Saved entries:
---+---

(* Let $S$ be a finite nonempty set of positive integers, and fix integers $a,b,t\ge 1$ and $c\ge 0$. Let $X$ be a periodic independent set of $G(S)$, with blocks $(B_i)_{i\in\mathbb{Z}}$ and $t$-frames $(F_j)_{j\in\mathbb{Z}}$. Define the charge $\mu(B_i)=a|B_i|-b$. Let $d$ be an $S$-local discharging rule on blocks, defining $\mu^*(B_i)=\mu(B_i)+\sum_{j}d(B_j,B_i)$. Define $\nu^*(F_j)=\sum_{B_i\in F_j}\mu^*(B_i)$ for each $t$-frame $F_j$, and let $d'$ be an $S$-local discharging rule on $t$-frames, defining $\nu'(F_j)=\nu^*(F_j)+\sum_{i}d'(F_i,F_j)$. If $\nu'(F_j)\ge c$ for all $j$, then $\delta(X)\le\frac{at}{bt+c}$.
   Context: The distance graph $G(S)$ has vertex set $\mathbb{Z}$, $i,j$ adjacent iff $|i-j|\in S$; the density of $X\subseteq\mathbb{Z}$ is $\delta(X)=\limsup_{N\to\infty}\frac{|X\cap[-N,N]|}{2N+1}$; $X$ is periodic if $X+p=X$ for some $p\ge1$. For an independent set $X=\{\dots<x_{-1}<x_0<x_1<\dots\}$ indexed by $\mathbb{Z}$ in increasing order, the $i$-th block is $B_i=\{x_i,x_i+1,\dots,x_{i+1}-1\}$ (so $|B_i|=x_{i+1}-x_i$); the block structure of a sequence of consecutive blocks is the list of their sizes in order. A $t$-frame is $F_j=\{B_j,\dots,B_{j+t-1}\}$. A discharging rule on blocks is a function $d$ from ordered pairs of blocks to $\mathbb{Z}$ with $d(B_i,B_j)=-d(B_j,B_i)$; it is $S$-local if there is $m=m(S)$ such that $d(B_i,B_j)=0$ whenever $|x_i-x_j|>m$, and when $|x_i-x_j|\le m$, $d(B_i,B_j)$ depends only on the block structure of $B_{i-m},\dots,B_{i+m}$. A discharging rule on frames is a function $d'$ from ordered pairs of $t$-frames to $\mathbb{Z}$ with $d'(F_i,F_j)=-d'(F_j,F_i)$; it is $S$-local if there is $m'=m'(S)$ such that $d'(F_i,F_j)=0$ whenever $|i-j|>m'$, and when $|i-j|\le m'$, $d'(F_i,F_j)$ depends only on the block structure of the frames $F_{i-m'},\dots,F_{i+m'}$. *)

theory Defs
  imports Complex_Main "HOL-Library.Extended_Real"
begin

definition indep_dist :: "int set \<Rightarrow> int set \<Rightarrow> bool" where
  "indep_dist S X \<longleftrightarrow> (\<forall>u\<in>X. \<forall>v\<in>X. \<bar>u - v\<bar> \<notin> S)"

definition periodic_set :: "int set \<Rightarrow> bool" where
  "periodic_set X \<longleftrightarrow> (\<exists>p::int. p \<ge> 1 \<and> (\<lambda>u. u + p) ` X = X)"

definition density :: "int set \<Rightarrow> ereal" where
  "density X = limsup (\<lambda>N::nat. ereal (real (card (X \<inter> {- int N .. int N})) / real (2 * N + 1)))"

text \<open>x enumerates X increasingly; block i is {x i, ..., x (i+1) - 1}.\<close>
definition bsize :: "(int \<Rightarrow> int) \<Rightarrow> int \<Rightarrow> int" where
  "bsize x i = x (i + 1) - x i"

definition local_block_rule :: "int set \<Rightarrow> (int \<Rightarrow> int) \<Rightarrow> (int \<Rightarrow> int \<Rightarrow> int) \<Rightarrow> bool" where
  "local_block_rule S x d \<longleftrightarrow>
     (\<forall>i j. d i j = - d j i) \<and>
     (\<exists>m::int. m \<ge> 0 \<and> (\<exists>D. \<forall>i j.
        (\<bar>x i - x j\<bar> > m \<longrightarrow> d i j = 0) \<and>
        (\<bar>x i - x j\<bar> \<le> m \<longrightarrow> d i j = D (map (bsize x) [i - m .. i + m]) (j - i))))"

text \<open>Block structure of the t-frame F_k = {B_k, ..., B_(k+t-1)}.\<close>
definition frame_struct :: "(int \<Rightarrow> int) \<Rightarrow> int \<Rightarrow> int \<Rightarrow> int list" where
  "frame_struct x t k = map (bsize x) [k .. k + t - 1]"

definition local_frame_rule :: "int set \<Rightarrow> (int \<Rightarrow> int) \<Rightarrow> int \<Rightarrow> (int \<Rightarrow> int \<Rightarrow> int) \<Rightarrow> bool" where
  "local_frame_rule S x t d' \<longleftrightarrow>
     (\<forall>i j. d' i j = - d' j i) \<and>
     (\<exists>m'::int. m' \<ge> 0 \<and> (\<exists>D'. \<forall>i j.
        (\<bar>i - j\<bar> > m' \<longrightarrow> d' i j = 0) \<and>
        (\<bar>i - j\<bar> \<le> m' \<longrightarrow> d' i j = D' (map (frame_struct x t) [i - m' .. i + m']) (j - i))))"

definition zsum :: "(int \<Rightarrow> int) \<Rightarrow> int" where
  "zsum f = sum f {j. f j \<noteq> 0}"

definition mu_star :: "int \<Rightarrow> int \<Rightarrow> (int \<Rightarrow> int) \<Rightarrow> (int \<Rightarrow> int \<Rightarrow> int) \<Rightarrow> int \<Rightarrow> int" where
  "mu_star a b x d i = a * bsize x i - b + zsum (\<lambda>j. d j i)"

definition nu_star :: "int \<Rightarrow> int \<Rightarrow> int \<Rightarrow> (int \<Rightarrow> int) \<Rightarrow> (int \<Rightarrow> int \<Rightarrow> int) \<Rightarrow> int \<Rightarrow> int" where
  "nu_star a b t x d j = (\<Sum>i\<in>{j .. j + t - 1}. mu_star a b x d i)"

definition nu' :: "int \<Rightarrow> int \<Rightarrow> int \<Rightarrow> (int \<Rightarrow> int) \<Rightarrow> (int \<Rightarrow> int \<Rightarrow> int) \<Rightarrow> (int \<Rightarrow> int \<Rightarrow> int) \<Rightarrow> int \<Rightarrow> int" where
  "nu' a b t x d d' j = nu_star a b t x d j + zsum (\<lambda>i. d' i j)"
(* Let $1\le r\le n$, let $(z^1,\dots,z^n)$ be any random vector in $[r]^n$, and let $p,q\in[0,1]$. Let $\mathcal G$ be the random graph on $[n]$ in which, conditionally on $(z^1,\dots,z^n)$, each edge $\{i,j\}$ ($i\ne j$) is present independently with probability $p\,\mathbb 1\{z^i=z^j\}+q\,\mathbb 1\{z^i\ne z^j\}$. Then $\mathcal B(\mathcal G)\le n\log r$.
   Context: A random graph $\mathcal G$ on $[n]$ is identified with the random vector of edge indicators $(e^{ij})_{1\le i<j\le n}\in\{0,1\}^{\binom n2}$. For a random vector $x=(x^1,\dots,x^m)$ on a finite product set, the dual total correlation is $\mathcal B(x)=\mathcal H(x)-\sum_{i=1}^m\mathcal H(x^i\mid x^{-i})$, with $\mathcal H$ Shannon entropy and $x^{-i}$ the vector with coordinate $i$ removed. *)

theory Defs
  imports "HOL-Probability.Probability"
begin

definition shannon_entropy :: "'a pmf \<Rightarrow> real" where
  "shannon_entropy P = (\<Sum>x\<in>set_pmf P. - pmf P x * ln (pmf P x))"

definition cond_entropy :: "('a \<times> 'b) pmf \<Rightarrow> real" where
  "cond_entropy P =
     (\<Sum>xy\<in>set_pmf P. - pmf P xy * ln (pmf P xy / pmf (map_pmf snd P) (snd xy)))"

text \<open>Dual total correlation of a random vector x indexed by the finite set I;
  the vector x^{-i} with coordinate i removed is represented by x(i := False)
  (all vectors considered take the default value False outside I).\<close>
definition dual_total_correlation :: "'i set \<Rightarrow> ('i \<Rightarrow> bool) pmf \<Rightarrow> real" where
  "dual_total_correlation I P =
     shannon_entropy P - (\<Sum>i\<in>I. cond_entropy (map_pmf (\<lambda>x. (x i, x(i := False))) P))"

definition graph_edges :: "nat \<Rightarrow> (nat \<times> nat) set" where
  "graph_edges n = {(i, j). 1 \<le> i \<and> i < j \<and> j \<le> n}"

definition label_random_graph ::
  "nat \<Rightarrow> real \<Rightarrow> real \<Rightarrow> (nat \<Rightarrow> nat) pmf \<Rightarrow> (nat \<times> nat \<Rightarrow> bool) pmf" where
  "label_random_graph n p q Z =
     bind_pmf Z (\<lambda>z. Pi_pmf (graph_edges n) False
        (\<lambda>(i, j). bernoulli_pmf (if z i = z j then p else q)))"

end

theory Submission
  imports Defs
begin

(* Conditionally on the labelling z the edges are independent, so G is a mixture, over the
   law of z, of product measures.  Hence H(G) <= H(G, z) = H(z) + sum_e H(x^e | z), while
   conditioning on z as well can only lower the entropy of an edge given all the others:
   H(x^e | x^-e) >= H(x^e | x^-e, z) = H(x^e | z).  So the dual total correlation of G is at
   most H(z) <= ln |supp z| <= n ln r.  The conditioning step and H(z) <= ln |supp z| are both
   instances of Gibbs' inequality, i.e. of ln t <= t - 1 summed against a distribution. *)

lemma mult_ln_div_le_diff:
  fixes a b :: real
  assumes "0 \<le> a" "0 \<le> b" "0 < a \<Longrightarrow> 0 < b"
  shows "a * ln (b / a) \<le> b - a"
proof (cases "a = 0")
  case False
  then have "0 < a" "0 < b" using assms by auto
  then have "a * ln (b / a) \<le> a * (b / a - 1)"
    by (intro mult_left_mono ln_le_minus_one) auto
  also have "\<dots> = b - a" using \<open>0 < a\<close> by (simp add: field_simps)
  finally show ?thesis .
qed (use assms in simp)

lemma shannon_entropy_eq_sum:
  assumes "finite A" "set_pmf P \<subseteq> A"
  shows "shannon_entropy P = (\<Sum>x\<in>A. - pmf P x * ln (pmf P x))"
  unfolding shannon_entropy_def
  by (rule sum.mono_neutral_left[OF assms]) (auto simp: set_pmf_eq)

lemma shannon_entropy_le_ln_card:
  assumes fin: "finite (set_pmf P)"
  shows "shannon_entropy P \<le> ln (card (set_pmf P))"
proof -
  define c where "c = real (card (set_pmf P))"
  have "c > 0" unfolding c_def using fin by (simp add: card_gt_0_iff set_pmf_not_empty)
  have total: "(\<Sum>x\<in>set_pmf P. pmf P x) = 1" by (rule sum_pmf_eq_1[OF fin]) simp
  have "pmf P x * ln ((1 / c) / pmf P x) = - pmf P x * ln (pmf P x) - pmf P x * ln c"
    if "x \<in> set_pmf P" for x
    using \<open>c > 0\<close> that by (simp add: ln_div ln_mult pmf_positive algebra_simps)
  then have "shannon_entropy P - ln c = (\<Sum>x\<in>set_pmf P. pmf P x * ln ((1 / c) / pmf P x))"
    unfolding shannon_entropy_def
    by (simp add: total sum_subtractf sum_distrib_right[symmetric])
  also have "\<dots> \<le> (\<Sum>x\<in>set_pmf P. 1 / c - pmf P x)"
    using \<open>c > 0\<close> by (intro sum_mono mult_ln_div_le_diff) auto
  also have "\<dots> = 0" using \<open>c > 0\<close> total by (simp add: sum_subtractf c_def)
  finally show ?thesis unfolding c_def by simp
qed

lemma pmf_map_fun_upd_False:
  "pmf (map_pmf (\<lambda>x. x(e := False)) P) (y(e := False)) = pmf P (y(e := False)) + pmf P (y(e := True))"
proof -
  have "(\<lambda>x. x(e := False)) -` {y(e := False)} = {y(e := False), y(e := True)}"
  proof (intro set_eqI iffI)
    fix x assume "x \<in> (\<lambda>x. x(e := False)) -` {y(e := False)}"
    then have "x = y(e := x e)" by (metis fun_upd_triv fun_upd_upd vimage_singleton_eq)
    then show "x \<in> {y(e := False), y(e := True)}" by (cases "x e") auto
  qed auto
  moreover have "y(e := False) \<noteq> y(e := True)" by (metis fun_upd_same)
  ultimately show ?thesis by (simp add: pmf_map measure_measure_pmf_finite)
qed

lemma cond_entropy_coordinate:
  fixes P :: "('a \<Rightarrow> bool) pmf"
  assumes "finite A" "set_pmf P \<subseteq> A"
  shows "cond_entropy (map_pmf (\<lambda>x. (x e, x(e := False))) P)
    = (\<Sum>x\<in>A. - pmf P x * ln (pmf P x / (pmf P (x(e := False)) + pmf P (x(e := True)))))"
proof -
  define f where "f x = (x e, x(e := False))" for x :: "'a \<Rightarrow> bool"
  have "inj f"
    by (rule injI) (metis f_def fun_upd_triv fun_upd_upd prod.inject)
  have pmf_f: "pmf (map_pmf f P) (f x) = pmf P x" for x
    by (rule pmf_map_inj'[OF \<open>inj f\<close>])
  have pmf_snd: "pmf (map_pmf snd (map_pmf f P)) (snd (f x))
      = pmf P (x(e := False)) + pmf P (x(e := True))" for x
    by (simp add: map_pmf_comp f_def pmf_map_fun_upd_False)
  have "cond_entropy (map_pmf f P)
      = (\<Sum>x\<in>set_pmf P. - pmf P x * ln (pmf P x / (pmf P (x(e := False)) + pmf P (x(e := True)))))"
    unfolding cond_entropy_def set_map_pmf
    by (subst sum.reindex[OF inj_on_subset[OF \<open>inj f\<close>]]) (simp_all add: pmf_f pmf_snd)
  also have "\<dots> = (\<Sum>x\<in>A. - pmf P x * ln (pmf P x / (pmf P (x(e := False)) + pmf P (x(e := True)))))"
    by (rule sum.mono_neutral_left[OF assms]) (auto simp: set_pmf_eq)
  finally show ?thesis unfolding f_def .
qed

locale product_mixture =
  fixes E :: "'e set" and Z :: "'z pmf" and \<kappa> :: "'z \<Rightarrow> 'e \<Rightarrow> bool pmf"
  assumes finite_E: "finite E" and finite_Z: "finite (set_pmf Z)"
begin

definition mixture :: "('e \<Rightarrow> bool) pmf" where
  "mixture = bind_pmf Z (\<lambda>z. Pi_pmf E False (\<kappa> z))"

definition vectors :: "('e \<Rightarrow> bool) set" where
  "vectors = {x. \<forall>e. e \<notin> E \<longrightarrow> \<not> x e}"

(* For x in vectors, joint z x = P(z, G = x), joint_others e z x = P(z, x^-e) and
   cond_entropy_given_label e = H(x^e | z). *)
definition joint :: "'z \<Rightarrow> ('e \<Rightarrow> bool) \<Rightarrow> real" where
  "joint z x = pmf Z z * (\<Prod>e\<in>E. pmf (\<kappa> z e) (x e))"

definition joint_others :: "'e \<Rightarrow> 'z \<Rightarrow> ('e \<Rightarrow> bool) \<Rightarrow> real" where
  "joint_others e z x = pmf Z z * (\<Prod>e'\<in>E - {e}. pmf (\<kappa> z e') (x e'))"

definition cond_entropy_given_label :: "'e \<Rightarrow> real" where
  "cond_entropy_given_label e =
     (\<Sum>z\<in>set_pmf Z. \<Sum>x\<in>vectors. - joint z x * ln (pmf (\<kappa> z e) (x e)))"

lemma finite_vectors: "finite vectors"
proof -
  have "vectors = (\<lambda>A e. e \<in> A) ` Pow E"
    unfolding vectors_def by (auto intro!: image_eqI[where x="{e. _ e}"])
  then show ?thesis using finite_E by simp
qed

lemma fun_upd_in_vectors: "x \<in> vectors \<Longrightarrow> e \<in> E \<Longrightarrow> x(e := b) \<in> vectors"
  unfolding vectors_def by auto

lemma joint_nonneg: "0 \<le> joint z x"
  unfolding joint_def by (simp add: prod_nonneg)

lemma joint_others_nonneg: "0 \<le> joint_others e z x"
  unfolding joint_others_def by (simp add: prod_nonneg)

---+---

== Task to complete ==
Search the data for the word "bsize" and copy each line where it appears.

== Task response ==
definition bsize :: "(int \<Rightarrow> int) \<Rightarrow> int \<Rightarrow> int" where
  "bsize x i = x (i + 1) - x i"
        (\<bar>x i - x j\<bar> \<le> m \<longrightarrow> d i j = D (map (bsize x) [i - m .. i + m]) (j - i))))"
  "frame_struct x t k = map (bsize x) [k .. k + t - 1]"
  "mu_star a b x d i = a * bsize x i - b + zsum (\<lambda>j. d j i)"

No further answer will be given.